Saved entries
(* Let $f\in\mathcal U(1)$ with $\dfrac{z}{f(z)}=1+\sum_{n=1}^\infty b_nz^n$ in $\mathbb D$, and let $\theta\in[0,2\pi)$. Define $f_3,f_4$ by $$\frac{z}{f_3(z)}=1+\sum_{n=1}^\infty b_n\cos(n\theta)z^n,\qquad \frac{z}{f_4(z)}=1+\sum_{n=1}^\infty b_n\sin(n\theta)z^n.$$ If $z/f_3(z)\ne0$ in $\mathbb D$ then $f_3\in\mathcal U(1)$, and if $z/f_4(z)\ne0$ in $\mathbb D$ then $f_4\in\mathcal U(1)$.
   Context: $\mathbb D=\{z\in\mathbb C:|z|<1\}$. $\mathcal A$ is the class of functions $f$ analytic in $\mathbb D$ with $f(z)=z+\sum_{k\ge2}a_kz^k$. For $f\in\mathcal A$ with $f(z)\ne0$ for $z\in\mathbb D\setminus\{0\}$, set $U_f(z)=\left(\frac{z}{f(z)}\right)^2f'(z)-1$. $\mathcal U(1)$ is the class of such $f\in\mathcal A$ with $|U_f(z)|<1$ for all $z\in\mathbb D$. *)

theory Defs
  imports "HOL-Complex_Analysis.Complex_Analysis"
begin

definition classA :: "(complex \<Rightarrow> complex) \<Rightarrow> bool" where
  "classA f \<longleftrightarrow> f holomorphic_on ball 0 1 \<and> f 0 = 0 \<and> deriv f 0 = 1"

text \<open>U_f(z) = (z/f(z))^2 f'(z) - 1, meaningful for z nonzero (at z = 0 its
  value is 0 by continuity, so the condition there is automatic).\<close>
definition Ufun :: "(complex \<Rightarrow> complex) \<Rightarrow> complex \<Rightarrow> complex" where
  "Ufun f z = (z / f z)^2 * deriv f z - 1"

definition classU1 :: "(complex \<Rightarrow> complex) \<Rightarrow> bool" where
  "classU1 f \<longleftrightarrow> classA f \<and> (\<forall>z\<in>ball 0 1 - {0}. f z \<noteq> 0)
     \<and> (\<forall>z\<in>ball 0 1 - {0}. norm (Ufun f z) < 1)"

definition modseries :: "(nat \<Rightarrow> complex) \<Rightarrow> (nat \<Rightarrow> real) \<Rightarrow> complex \<Rightarrow> complex" where
  "modseries b c z = 1 + (\<Sum>n. b (Suc n) * complex_of_real (c (Suc n)) * z ^ Suc n)"

end

theory Submission
  imports Defs
begin

text \<open>Writing g(z) = z/f(z), one has U_f(z) = g(z) - z g'(z) - 1: an affine expression in g
  that commutes with the rotations z \<mapsto> \<alpha>z, |\<alpha>| = 1. Since cos(n\<theta>) and sin(n\<theta>) are of the form
  c e^(in\<theta>) + d e^(-in\<theta>) with |c| + |d| = 1, the functions z/f_3(z) and z/f_4(z) equal
  1 + c (g(\<alpha>z) - 1) + d (g(\<beta>z) - 1) with \<alpha> = e^(i\<theta>), \<beta> = e^(-i\<theta>). Hence U_f_3 and U_f_4
  are the same combinations of two values of U_f, each of modulus less than 1.\<close>

lemma norm_lincomb_less_one:
  fixes u v c d :: "'a :: real_normed_field"
  assumes "norm u < 1" "norm v < 1" "norm c + norm d \<le> 1"
  shows "norm (c * u + d * v) < 1"
proof -
  have "norm (c * u + d * v) \<le> norm c * norm u + norm d * norm v"
    by (metis norm_mult norm_triangle_ineq)
  also have "\<dots> \<le> (norm c + norm d) * max (norm u) (norm v)"
    unfolding distrib_right by (intro add_mono mult_left_mono) auto
  also have "\<dots> \<le> max (norm u) (norm v)"
    using assms(3) by (intro mult_left_le_one_le) (auto simp: le_max_iff_disj)
  also have "\<dots> < 1"
    using assms(1,2) by simp
  finally show ?thesis .
qed

lemma holomorphic_on_power_series_ball:
  fixes a :: "nat \<Rightarrow> complex"
  assumes "\<And>z. z \<in> ball 0 r \<Longrightarrow> summable (\<lambda>n. a n * z ^ n)"
  shows "(\<lambda>z. \<Sum>n. a n * z ^ n) holomorphic_on ball 0 r"
proof -
  have "ereal r \<le> fps_conv_radius (Abs_fps a)"
    unfolding fps_conv_radius_def fps_nth_Abs_fps
    by (rule conv_radius_geI_ex') (auto intro: assms)
  then have "ball 0 r \<subseteq> eball 0 (fps_conv_radius (Abs_fps a))"
    by (rule ball_eball_mono)
  then have "eval_fps (Abs_fps a) holomorphic_on ball 0 r"
    by (rule holomorphic_on_eval_fps)
  then show ?thesis
    by (simp add: eval_fps_def[abs_def])
qed

lemma has_field_derivative_div_self:
  assumes "G field_differentiable at z" "G z \<noteq> 0"
  shows "((\<lambda>w. w / G w) has_field_derivative (G z - z * deriv G z) / (G z)\<^sup>2) (at z)"
  using DERIV_divide[OF DERIV_ident DERIV_deriv_iff_field_differentiable[THEN iffD2, OF assms(1)]]
    assms(2)
  by (simp add: power2_eq_square)

lemma Ufun_div_self:
  assumes "G field_differentiable at z" "G z \<noteq> 0" "z \<noteq> 0"
  shows "Ufun (\<lambda>w. w / G w) z = G z - z * deriv G z - 1"
  using DERIV_imp_deriv[OF has_field_derivative_div_self[OF assms(1,2)]] assms(2,3)
  by (simp add: Ufun_def field_simps)

lemma classU1_cong:
  assumes "\<And>z. z \<in> ball 0 1 \<Longrightarrow> f z = g z"
  shows "classU1 f \<longleftrightarrow> classU1 g"
proof -
  have deriv_eq: "deriv f z = deriv g z" if "z \<in> ball 0 1" for z
    using that assms
    by (intro deriv_cong_ev eventually_mono[OF eventually_nhds_in_open[of "ball 0 1"]]) auto
  then have "Ufun f z = Ufun g z" if "z \<in> ball 0 1" for z
    using that assms by (simp add: Ufun_def)
  moreover have "f holomorphic_on ball 0 1 \<longleftrightarrow> g holomorphic_on ball 0 1"
    using assms by (rule holomorphic_cong[OF refl])
  ultimately show ?thesis
    using assms deriv_eq by (simp add: classU1_def classA_def)
qed

lemma classU1_div_selfI:
  assumes hol: "G holomorphic_on ball 0 1" and nz: "\<And>z. z \<in> ball 0 1 \<Longrightarrow> G z \<noteq> 0"
    and "G 0 = 1"
    and bound: "\<And>z. z \<in> ball 0 1 - {0} \<Longrightarrow> norm (G z - z * deriv G z - 1) < 1"
  shows "classU1 (\<lambda>z. z / G z)"
proof -
  have diff: "G field_differentiable at z" if "z \<in> ball 0 1" for z
    using hol that by (meson holomorphic_on_imp_differentiable_at open_ball)
  have "deriv (\<lambda>z. z / G z) 0 = 1"
    using DERIV_imp_deriv[OF has_field_derivative_div_self[OF diff]] \<open>G 0 = 1\<close> by simp
  moreover have "(\<lambda>z. z / G z) holomorphic_on ball 0 1"
    using hol nz by (intro holomorphic_intros) auto
  ultimately show ?thesis
    using nz bound Ufun_div_self[OF diff nz] by (auto simp: classU1_def classA_def)
qed

lemma classU1_reciprocal_bound:
  assumes "classU1 f" and hol: "P holomorphic_on ball 0 1"
    and P: "\<And>w. w \<in> ball 0 1 - {0} \<Longrightarrow> P w = w / f w"
    and w: "w \<in> ball 0 1 - {0}"
  shows "norm (P w - w * deriv P w - 1) < 1"
proof -
  have f_nz: "f x \<noteq> 0" if "x \<in> ball 0 1 - {0}" for x
    using \<open>classU1 f\<close> that by (simp add: classU1_def)
  have f_eq: "f x = x / P x" if "x \<in> ball 0 1 - {0}" for x
    using P[OF that] f_nz[OF that] that by simp
  have "norm (Ufun f w) < 1"
    using \<open>classU1 f\<close> w by (simp add: classU1_def)
  have "deriv f w = deriv (\<lambda>x. x / P x) w"
    using w f_eq
    by (intro deriv_cong_ev eventually_mono[OF eventually_nhds_in_open[of "ball 0 1 - {0}"]])
       (auto simp: open_Diff)
  then have "Ufun f w = Ufun (\<lambda>x. x / P x) w"
    using f_eq[OF w] by (simp add: Ufun_def)
  also have "\<dots> = P w - w * deriv P w - 1"
    using hol w P[OF w] f_nz[OF w]
    by (intro Ufun_div_self) (auto intro: holomorphic_on_imp_differentiable_at)
  finally show ?thesis
    using \<open>norm (Ufun f w) < 1\<close> by simp
qed

lemma rotation_lincomb_bound:
  fixes P :: "complex \<Rightarrow> complex"
  assumes hol: "P holomorphic_on ball 0 1"
    and bound: "\<And>w. w \<in> ball 0 1 - {0} \<Longrightarrow> norm (P w - w * deriv P w - 1) < 1"
    and "norm \<alpha> = 1" "norm \<beta> = 1" "norm c + norm d \<le> 1" and z: "z \<in> ball 0 1 - {0}"
  defines "G \<equiv> \<lambda>z. 1 + c * (P (\<alpha> * z) - 1) + d * (P (\<beta> * z) - 1)"
  shows "norm (G z - z * deriv G z - 1) < 1"
proof -
  have rot: "\<gamma> * z \<in> ball 0 1 - {0}" if "norm \<gamma> = 1" for \<gamma>
    using z that by (auto simp: norm_mult)
  have dP: "((\<lambda>z. P (\<gamma> * z)) has_field_derivative deriv P (\<gamma> * z) * \<gamma>) (at z)"
    if "norm \<gamma> = 1" for \<gamma>
  proof -
    have "(P has_field_derivative deriv P (\<gamma> * z)) (at (\<gamma> * z))"
      using hol rot[OF that] by (meson DiffD1 holomorphic_derivI open_ball)
    from DERIV_chain2[OF this DERIV_cmult[OF DERIV_ident, of \<gamma>]] show ?thesis
      by simp
  qed
  have "(G has_field_derivative
          0 + c * (deriv P (\<alpha> * z) * \<alpha> - 0) + d * (deriv P (\<beta> * z) * \<beta> - 0)) (at z)"
    unfolding G_def using \<open>norm \<alpha> = 1\<close> \<open>norm \<beta> = 1\<close>
    by (intro DERIV_add DERIV_cmult DERIV_diff DERIV_const dP)
  then have "G z - z * deriv G z - 1 =
      c * (P (\<alpha> * z) - \<alpha> * z * deriv P (\<alpha> * z) - 1)
      + d * (P (\<beta> * z) - \<beta> * z * deriv P (\<beta> * z) - 1)"
    by (simp add: DERIV_imp_deriv G_def algebra_simps)
  with norm_lincomb_less_one[OF bound[OF rot] bound[OF rot] \<open>norm c + norm d \<le> 1\<close>]
    show ?thesis
    using \<open>norm \<alpha> = 1\<close> \<open>norm \<beta> = 1\<close> by simp
qed

lemma classU1_rotation_lincomb:
  assumes f: "classU1 f" and hol: "P holomorphic_on ball 0 1" and "P 0 = 1"
    and P: "\<And>w. w \<in> ball 0 1 - {0} \<Longrightarrow> P w = w / f w"
    and "norm \<alpha> = 1" "norm \<beta> = 1" "norm c + norm d \<le> 1"
    and M: "\<And>z. z \<in> ball 0 1 \<Longrightarrow> M z = 1 + c * (P (\<alpha> * z) - 1) + d * (P (\<beta> * z) - 1)"
    and M_nz: "\<And>z. z \<in> ball 0 1 \<Longrightarrow> M z \<noteq> 0"
  shows "classU1 (\<lambda>z. z / M z)"
proof -
  define G where "G = (\<lambda>z. 1 + c * (P (\<alpha> * z) - 1) + d * (P (\<beta> * z) - 1))"
  have rot_hol: "(\<lambda>z. P (\<gamma> * z)) holomorphic_on ball 0 1" if "norm \<gamma> = 1" for \<gamma>
  proof -
    have "(*) \<gamma> ` ball 0 1 \<subseteq> ball 0 1"
      using that by (auto simp: norm_mult)
    then show ?thesis
      using holomorphic_on_compose_gen[OF holomorphic_on_linear hol] by (simp add: o_def)
  qed
  have "classU1 (\<lambda>z. z / G z)"
  proof (rule classU1_div_selfI)
    show "G holomorphic_on ball 0 1"
      unfolding G_def using rot_hol \<open>norm \<alpha> = 1\<close> \<open>norm \<beta> = 1\<close> by (intro holomorphic_intros)
    show "G z \<noteq> 0" if "z \<in> ball 0 1" for z
      using M_nz M that by (simp add: G_def)
    show "G 0 = 1"
      using \<open>P 0 = 1\<close> by (simp add: G_def)
    show "norm (G z - z * deriv G z - 1) < 1" if "z \<in> ball 0 1 - {0}" for z
      unfolding G_def using classU1_reciprocal_bound[OF f hol P] that assms(5-7)
      by (intro rotation_lincomb_bound[OF hol]) auto
  qed
  moreover have "classU1 (\<lambda>z. z / M z) \<longleftrightarrow> classU1 (\<lambda>z. z / G z)"
    by (rule classU1_cong) (simp add: M G_def)
  ultimately show ?thesis
    by simp
qed

lemma holomorphic_on_modseries:
  assumes "\<And>z. z \<in> ball 0 r \<Longrightarrow> summable (\<lambda>n. b (Suc n) * of_real (c (Suc n)) * z ^ Suc n)"
  shows "modseries b c holomorphic_on ball 0 r"
proof -
  define a where "a n = (if n = 0 then 0 else b n * of_real (c n))" for n
  have tail: "(\<lambda>n. a (Suc n) * z ^ Suc n) sums (modseries b c z - 1)" if "z \<in> ball 0 r" for z
    using summable_sums[OF assms[OF that]] by (simp add: a_def modseries_def)
  have sums_a: "(\<lambda>n. a n * z ^ n) sums (modseries b c z - 1)" if "z \<in> ball 0 r" for z
    using sums_Suc_iff[of "\<lambda>n. a n * z ^ n", THEN iffD1, OF tail[OF that]] by (simp add: a_def)
  have "(\<lambda>z. \<Sum>n. a n * z ^ n) holomorphic_on ball 0 r"
    using sums_a by (intro holomorphic_on_power_series_ball) (auto intro: sums_summable)
  then have "(\<lambda>z. 1 + (\<Sum>n. a n * z ^ n)) holomorphic_on ball 0 r"
    by (intro holomorphic_intros)
  then show ?thesis
    by (rule holomorphic_transform) (simp add: sums_iff[THEN iffD1, OF sums_a])
qed

lemma modseries_rotation_lincomb:
  assumes coeff: "\<And>n. c * cis (real n * \<theta>) + d * cis (- (real n * \<theta>)) = of_real (h n)"
    and summable_pos: "summable (\<lambda>n. b (Suc n) * (cis \<theta> * z) ^ Suc n)"
    and summable_neg: "summable (\<lambda>n. b (Suc n) * (cis (- \<theta>) * z) ^ Suc n)"
  shows "modseries b h z = 1 + c * (modseries b (\<lambda>_. 1) (cis \<theta> * z) - 1)
                             + d * (modseries b (\<lambda>_. 1) (cis (- \<theta>) * z) - 1)"
proof -
  have term_eq: "c * (b (Suc n) * (cis \<theta> * z) ^ Suc n) + d * (b (Suc n) * (cis (- \<theta>) * z) ^ Suc n)
      = b (Suc n) * of_real (h (Suc n)) * z ^ Suc n" for n
  proof -
    have "c * (b (Suc n) * (cis \<theta> * z) ^ Suc n) + d * (b (Suc n) * (cis (- \<theta>) * z) ^ Suc n)
        = b (Suc n) * (c * cis (real (Suc n) * \<theta>) + d * cis (- (real (Suc n) * \<theta>))) * z ^ Suc n"
      by (simp only: power_mult_distrib Complex.DeMoivre mult_minus_right) (simp add: algebra_simps)
    then show ?thesis
      by (simp only: coeff)
  qed
  have "(\<lambda>n. c * (b (Suc n) * (cis \<theta> * z) ^ Suc n) + d * (b (Suc n) * (cis (- \<theta>) * z) ^ Suc n))
      sums (c * (modseries b (\<lambda>_. 1) (cis \<theta> * z) - 1) + d * (modseries b (\<lambda>_. 1) (cis (- \<theta>) * z) - 1))"
    using summable_sums[OF summable_pos] summable_sums[OF summable_neg]
    by (intro sums_add sums_mult) (simp_all add: modseries_def)
  then show ?thesis
    unfolding term_eq by (simp add: modseries_def sums_iff)
qed

theorem mainTheorem12:
  fixes f :: "complex \<Rightarrow> complex" and b :: "nat \<Rightarrow> complex" and \<theta> :: real
  assumes "classU1 f"
    and "\<forall>z\<in>ball 0 1 - {0}. (\<lambda>n. b (Suc n) * z ^ Suc n) sums (z / f z - 1)"
    and "0 \<le> \<theta>" and "\<theta> < 2 * pi"
  shows "((\<forall>z\<in>ball 0 1. modseries b (\<lambda>n. cos (real n * \<theta>)) z \<noteq> 0) \<longrightarrow>
            classU1 (\<lambda>z. z / modseries b (\<lambda>n. cos (real n * \<theta>)) z))
       \<and> ((\<forall>z\<in>ball 0 1. modseries b (\<lambda>n. sin (real n * \<theta>)) z \<noteq> 0) \<longrightarrow>
            classU1 (\<lambda>z. z / modseries b (\<lambda>n. sin (real n * \<theta>)) z))"
proof -
  define P where "P = modseries b (\<lambda>_. 1)"
  have summable: "summable (\<lambda>n. b (Suc n) * w ^ Suc n)" if "w \<in> ball 0 1" for w
    using assms(2) that by (cases "w = 0") (auto intro: sums_summable)
  have P_quot: "P w = w / f w" if "w \<in> ball 0 1 - {0}" for w
    using assms(2) that by (simp add: P_def modseries_def sums_iff)
  have P_hol: "P holomorphic_on ball 0 1"
    unfolding P_def using summable by (intro holomorphic_on_modseries) simp
  have "P 0 = 1"
    by (simp add: P_def modseries_def)
  have rotation: "(\<forall>z\<in>ball 0 1. modseries b h z \<noteq> 0) \<longrightarrow> classU1 (\<lambda>z. z / modseries b h z)"
    if coeff: "\<And>n. c * cis (real n * \<theta>) + d * cis (- (real n * \<theta>)) = of_real (h n)"
      and "norm c + norm d \<le> 1" for h c d
  proof
    assume "\<forall>z\<in>ball 0 1. modseries b h z \<noteq> 0"
    moreover have "cis t * z \<in> ball 0 1" if "z \<in> ball 0 1" for t z
      using that by (simp add: norm_mult)
    ultimately show "classU1 (\<lambda>z. z / modseries b h z)"
      using \<open>norm c + norm d \<le> 1\<close>
      by (intro classU1_rotation_lincomb[OF assms(1) P_hol \<open>P 0 = 1\<close> P_quot, of "cis \<theta>" "cis (- \<theta>)"])
         (auto simp: P_def intro!: modseries_rotation_lincomb[OF coeff] summable)
  qed
  have "1/2 * cis x + 1/2 * cis (- x) = of_real (cos x)" for x
    by (simp add: complex_eq_iff)
  moreover have "- \<i>/2 * cis x + \<i>/2 * cis (- x) = of_real (sin x)" for x
    by (simp add: complex_eq_iff)
  ultimately show ?thesis
    using rotation[of "1/2" "1/2"] rotation[of "- \<i>/2" "\<i>/2"] by (simp add: norm_divide)
qed

end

## Instructions to follow
Determine the number of lines in the data above that contain the word "dots", and provide only that figure.

## Task answer
4